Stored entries
■ ■ ■

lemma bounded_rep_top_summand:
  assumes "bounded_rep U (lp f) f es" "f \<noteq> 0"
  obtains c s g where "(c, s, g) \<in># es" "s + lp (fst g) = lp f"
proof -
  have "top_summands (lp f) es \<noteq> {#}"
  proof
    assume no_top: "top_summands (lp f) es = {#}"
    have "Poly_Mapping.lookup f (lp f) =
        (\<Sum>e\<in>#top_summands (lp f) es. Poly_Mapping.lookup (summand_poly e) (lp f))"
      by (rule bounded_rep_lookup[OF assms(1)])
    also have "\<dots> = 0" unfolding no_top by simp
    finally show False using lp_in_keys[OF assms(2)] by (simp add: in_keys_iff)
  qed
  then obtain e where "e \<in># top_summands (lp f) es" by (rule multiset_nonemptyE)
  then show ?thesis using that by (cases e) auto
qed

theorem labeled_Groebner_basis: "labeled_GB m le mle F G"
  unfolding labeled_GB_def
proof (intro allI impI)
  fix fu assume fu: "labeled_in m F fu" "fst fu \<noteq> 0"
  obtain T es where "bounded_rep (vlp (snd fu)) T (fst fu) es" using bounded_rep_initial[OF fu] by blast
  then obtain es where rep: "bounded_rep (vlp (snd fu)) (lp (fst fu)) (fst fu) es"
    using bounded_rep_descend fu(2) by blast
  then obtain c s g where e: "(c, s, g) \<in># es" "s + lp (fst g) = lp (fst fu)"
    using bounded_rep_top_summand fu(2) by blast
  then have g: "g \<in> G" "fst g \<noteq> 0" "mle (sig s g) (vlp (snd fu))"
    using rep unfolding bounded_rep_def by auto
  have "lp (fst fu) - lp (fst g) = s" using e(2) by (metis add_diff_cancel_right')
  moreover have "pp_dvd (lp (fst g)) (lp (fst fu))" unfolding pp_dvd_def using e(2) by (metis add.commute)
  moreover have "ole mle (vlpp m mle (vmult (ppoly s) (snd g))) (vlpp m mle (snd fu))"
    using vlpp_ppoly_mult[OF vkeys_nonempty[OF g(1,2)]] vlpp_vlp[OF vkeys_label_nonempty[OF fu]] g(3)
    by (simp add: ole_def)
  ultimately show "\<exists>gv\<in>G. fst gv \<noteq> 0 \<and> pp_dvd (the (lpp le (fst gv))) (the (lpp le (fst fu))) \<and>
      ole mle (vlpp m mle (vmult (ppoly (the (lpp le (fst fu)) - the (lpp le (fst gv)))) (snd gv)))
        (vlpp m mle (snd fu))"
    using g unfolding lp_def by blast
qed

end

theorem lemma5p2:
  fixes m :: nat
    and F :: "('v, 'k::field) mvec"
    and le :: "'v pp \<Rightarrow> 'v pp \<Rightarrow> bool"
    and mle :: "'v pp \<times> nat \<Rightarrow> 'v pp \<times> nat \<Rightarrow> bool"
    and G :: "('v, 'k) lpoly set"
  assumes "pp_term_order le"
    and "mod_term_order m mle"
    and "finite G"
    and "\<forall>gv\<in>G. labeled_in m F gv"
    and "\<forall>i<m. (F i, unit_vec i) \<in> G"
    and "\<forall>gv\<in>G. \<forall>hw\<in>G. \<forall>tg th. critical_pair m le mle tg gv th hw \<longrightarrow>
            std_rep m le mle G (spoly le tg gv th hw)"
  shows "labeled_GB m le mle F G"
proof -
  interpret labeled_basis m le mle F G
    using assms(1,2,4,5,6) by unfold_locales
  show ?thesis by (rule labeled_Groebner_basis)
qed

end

■ ■ ■

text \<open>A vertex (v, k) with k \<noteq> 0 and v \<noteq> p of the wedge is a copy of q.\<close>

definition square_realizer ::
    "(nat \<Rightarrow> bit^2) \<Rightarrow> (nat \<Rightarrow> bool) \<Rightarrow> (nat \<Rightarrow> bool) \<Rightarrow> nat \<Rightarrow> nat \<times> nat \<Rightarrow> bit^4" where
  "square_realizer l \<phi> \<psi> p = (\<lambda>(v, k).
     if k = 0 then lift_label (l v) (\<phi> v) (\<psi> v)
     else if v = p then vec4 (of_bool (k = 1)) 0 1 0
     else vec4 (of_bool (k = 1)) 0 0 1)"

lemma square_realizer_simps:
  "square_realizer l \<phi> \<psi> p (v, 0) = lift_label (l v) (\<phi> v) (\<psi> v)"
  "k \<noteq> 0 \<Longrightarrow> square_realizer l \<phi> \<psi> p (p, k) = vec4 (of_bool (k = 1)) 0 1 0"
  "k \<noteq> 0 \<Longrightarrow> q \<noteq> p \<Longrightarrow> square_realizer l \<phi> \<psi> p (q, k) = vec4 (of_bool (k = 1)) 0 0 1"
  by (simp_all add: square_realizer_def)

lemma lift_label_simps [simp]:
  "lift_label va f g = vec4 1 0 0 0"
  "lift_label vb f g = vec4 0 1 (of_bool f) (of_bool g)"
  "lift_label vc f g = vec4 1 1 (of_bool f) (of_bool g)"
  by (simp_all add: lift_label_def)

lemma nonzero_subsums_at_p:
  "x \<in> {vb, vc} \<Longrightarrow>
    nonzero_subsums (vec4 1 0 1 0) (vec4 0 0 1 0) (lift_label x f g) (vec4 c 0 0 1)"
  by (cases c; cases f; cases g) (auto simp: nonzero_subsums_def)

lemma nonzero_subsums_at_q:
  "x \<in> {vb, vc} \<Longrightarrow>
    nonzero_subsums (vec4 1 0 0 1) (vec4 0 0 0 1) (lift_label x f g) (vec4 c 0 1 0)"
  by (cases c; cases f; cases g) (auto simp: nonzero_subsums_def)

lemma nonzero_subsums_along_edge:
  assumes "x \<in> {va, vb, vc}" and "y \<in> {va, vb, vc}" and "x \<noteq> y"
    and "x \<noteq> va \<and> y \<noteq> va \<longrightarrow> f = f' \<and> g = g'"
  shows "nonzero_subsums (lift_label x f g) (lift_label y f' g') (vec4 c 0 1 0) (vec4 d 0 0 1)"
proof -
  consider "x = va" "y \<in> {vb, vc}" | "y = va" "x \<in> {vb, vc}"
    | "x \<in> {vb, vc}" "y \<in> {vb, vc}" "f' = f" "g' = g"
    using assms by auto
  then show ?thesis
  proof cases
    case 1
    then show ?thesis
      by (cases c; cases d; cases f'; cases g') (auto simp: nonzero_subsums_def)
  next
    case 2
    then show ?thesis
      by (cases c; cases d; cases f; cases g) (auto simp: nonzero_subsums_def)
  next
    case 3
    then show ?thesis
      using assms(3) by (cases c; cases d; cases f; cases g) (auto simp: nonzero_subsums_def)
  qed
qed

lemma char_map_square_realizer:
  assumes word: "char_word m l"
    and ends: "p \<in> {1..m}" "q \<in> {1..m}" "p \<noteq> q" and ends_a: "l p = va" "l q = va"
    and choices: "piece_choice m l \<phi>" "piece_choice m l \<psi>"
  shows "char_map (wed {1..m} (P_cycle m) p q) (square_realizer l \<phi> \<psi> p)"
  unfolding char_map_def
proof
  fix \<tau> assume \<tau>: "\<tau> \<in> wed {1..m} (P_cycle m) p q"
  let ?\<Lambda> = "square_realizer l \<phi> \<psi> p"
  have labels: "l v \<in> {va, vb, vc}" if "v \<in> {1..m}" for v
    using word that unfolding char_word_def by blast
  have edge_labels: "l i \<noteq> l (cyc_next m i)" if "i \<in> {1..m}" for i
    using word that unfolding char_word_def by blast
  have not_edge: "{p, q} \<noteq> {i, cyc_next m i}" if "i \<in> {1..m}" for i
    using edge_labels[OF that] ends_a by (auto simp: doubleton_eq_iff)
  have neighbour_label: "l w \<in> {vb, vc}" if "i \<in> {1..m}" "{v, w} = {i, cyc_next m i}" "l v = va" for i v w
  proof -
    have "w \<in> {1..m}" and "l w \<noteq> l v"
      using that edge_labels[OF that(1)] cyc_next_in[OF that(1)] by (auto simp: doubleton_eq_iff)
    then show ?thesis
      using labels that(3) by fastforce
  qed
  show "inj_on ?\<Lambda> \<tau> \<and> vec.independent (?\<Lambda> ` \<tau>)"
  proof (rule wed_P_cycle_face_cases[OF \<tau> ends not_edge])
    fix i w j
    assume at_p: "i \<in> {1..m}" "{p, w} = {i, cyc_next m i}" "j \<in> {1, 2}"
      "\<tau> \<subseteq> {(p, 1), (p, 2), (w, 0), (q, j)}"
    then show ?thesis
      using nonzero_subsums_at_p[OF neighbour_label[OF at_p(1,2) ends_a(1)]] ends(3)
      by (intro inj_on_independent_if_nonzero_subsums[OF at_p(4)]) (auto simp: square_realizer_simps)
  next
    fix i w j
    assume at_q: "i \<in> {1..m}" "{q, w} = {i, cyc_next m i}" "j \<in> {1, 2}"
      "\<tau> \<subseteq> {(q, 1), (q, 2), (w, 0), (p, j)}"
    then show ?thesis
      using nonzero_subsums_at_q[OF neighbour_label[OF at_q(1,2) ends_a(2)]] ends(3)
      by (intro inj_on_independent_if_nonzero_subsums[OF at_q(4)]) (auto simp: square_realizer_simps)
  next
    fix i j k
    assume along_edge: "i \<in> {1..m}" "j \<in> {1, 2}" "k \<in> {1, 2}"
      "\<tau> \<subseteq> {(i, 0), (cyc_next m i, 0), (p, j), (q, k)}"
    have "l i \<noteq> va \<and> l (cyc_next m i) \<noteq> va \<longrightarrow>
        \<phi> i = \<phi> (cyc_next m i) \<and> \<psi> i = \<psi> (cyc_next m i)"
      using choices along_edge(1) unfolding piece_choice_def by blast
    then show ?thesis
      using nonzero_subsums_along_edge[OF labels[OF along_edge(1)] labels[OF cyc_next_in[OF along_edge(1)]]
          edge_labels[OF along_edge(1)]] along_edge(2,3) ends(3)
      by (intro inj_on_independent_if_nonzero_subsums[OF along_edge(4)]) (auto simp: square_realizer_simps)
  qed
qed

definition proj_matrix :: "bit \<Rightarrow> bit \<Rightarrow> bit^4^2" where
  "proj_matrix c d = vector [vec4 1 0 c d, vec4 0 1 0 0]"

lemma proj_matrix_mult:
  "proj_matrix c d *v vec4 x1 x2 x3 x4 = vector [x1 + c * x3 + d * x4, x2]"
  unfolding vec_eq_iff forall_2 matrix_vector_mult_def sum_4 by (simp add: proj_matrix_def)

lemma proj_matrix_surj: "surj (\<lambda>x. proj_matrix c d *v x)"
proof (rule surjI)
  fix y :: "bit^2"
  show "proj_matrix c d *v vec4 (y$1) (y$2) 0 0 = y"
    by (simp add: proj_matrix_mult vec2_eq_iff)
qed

■ ■ ■

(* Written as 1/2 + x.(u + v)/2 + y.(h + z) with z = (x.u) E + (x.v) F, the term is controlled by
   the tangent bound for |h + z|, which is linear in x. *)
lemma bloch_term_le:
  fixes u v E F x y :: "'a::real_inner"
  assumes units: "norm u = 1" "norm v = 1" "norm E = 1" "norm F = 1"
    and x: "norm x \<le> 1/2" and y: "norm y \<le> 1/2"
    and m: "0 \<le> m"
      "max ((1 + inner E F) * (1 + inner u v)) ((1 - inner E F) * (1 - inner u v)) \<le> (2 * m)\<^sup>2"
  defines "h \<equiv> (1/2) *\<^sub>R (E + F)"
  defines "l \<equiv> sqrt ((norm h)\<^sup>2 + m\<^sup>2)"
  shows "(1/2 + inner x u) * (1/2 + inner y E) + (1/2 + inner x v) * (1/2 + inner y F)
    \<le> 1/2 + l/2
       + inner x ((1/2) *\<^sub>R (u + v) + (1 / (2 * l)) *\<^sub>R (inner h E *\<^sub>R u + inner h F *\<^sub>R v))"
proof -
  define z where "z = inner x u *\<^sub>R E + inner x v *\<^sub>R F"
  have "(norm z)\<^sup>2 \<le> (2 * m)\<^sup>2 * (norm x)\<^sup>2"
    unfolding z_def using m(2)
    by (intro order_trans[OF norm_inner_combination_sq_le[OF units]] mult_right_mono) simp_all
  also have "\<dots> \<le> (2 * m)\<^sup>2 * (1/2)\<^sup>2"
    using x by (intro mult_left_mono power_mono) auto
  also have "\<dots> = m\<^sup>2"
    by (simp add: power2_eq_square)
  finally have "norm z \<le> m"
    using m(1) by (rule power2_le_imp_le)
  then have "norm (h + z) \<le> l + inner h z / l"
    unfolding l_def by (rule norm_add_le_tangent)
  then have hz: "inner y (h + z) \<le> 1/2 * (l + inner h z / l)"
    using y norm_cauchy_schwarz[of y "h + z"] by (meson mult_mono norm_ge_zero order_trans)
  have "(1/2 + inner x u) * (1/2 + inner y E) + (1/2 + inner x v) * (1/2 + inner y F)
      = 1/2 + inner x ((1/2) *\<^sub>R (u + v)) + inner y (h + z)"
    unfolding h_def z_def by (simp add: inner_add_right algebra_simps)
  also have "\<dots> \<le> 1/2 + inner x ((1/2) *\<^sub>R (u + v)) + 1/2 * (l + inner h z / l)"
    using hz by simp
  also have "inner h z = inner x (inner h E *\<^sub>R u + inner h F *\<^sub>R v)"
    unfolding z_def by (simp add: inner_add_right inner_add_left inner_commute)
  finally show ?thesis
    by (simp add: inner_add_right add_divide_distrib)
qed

■ ■ ■

- EXERCISE AIM
In the entries above, which lines hold the word "shows"? Copy them out.

- TASK SOLUTION
  shows "labeled_GB m le mle F G"
  shows "nonzero_subsums (lift_label x f g) (lift_label y f' g') (vec4 c 0 1 0) (vec4 d 0 0 1)"
  shows "char_map (wed {1..m} (P_cycle m) p q) (square_realizer l \<phi> \<psi> p)"
  shows "(1/2 + inner x u) * (1/2 + inner y E) + (1/2 + inner x v) * (1/2 + inner y F)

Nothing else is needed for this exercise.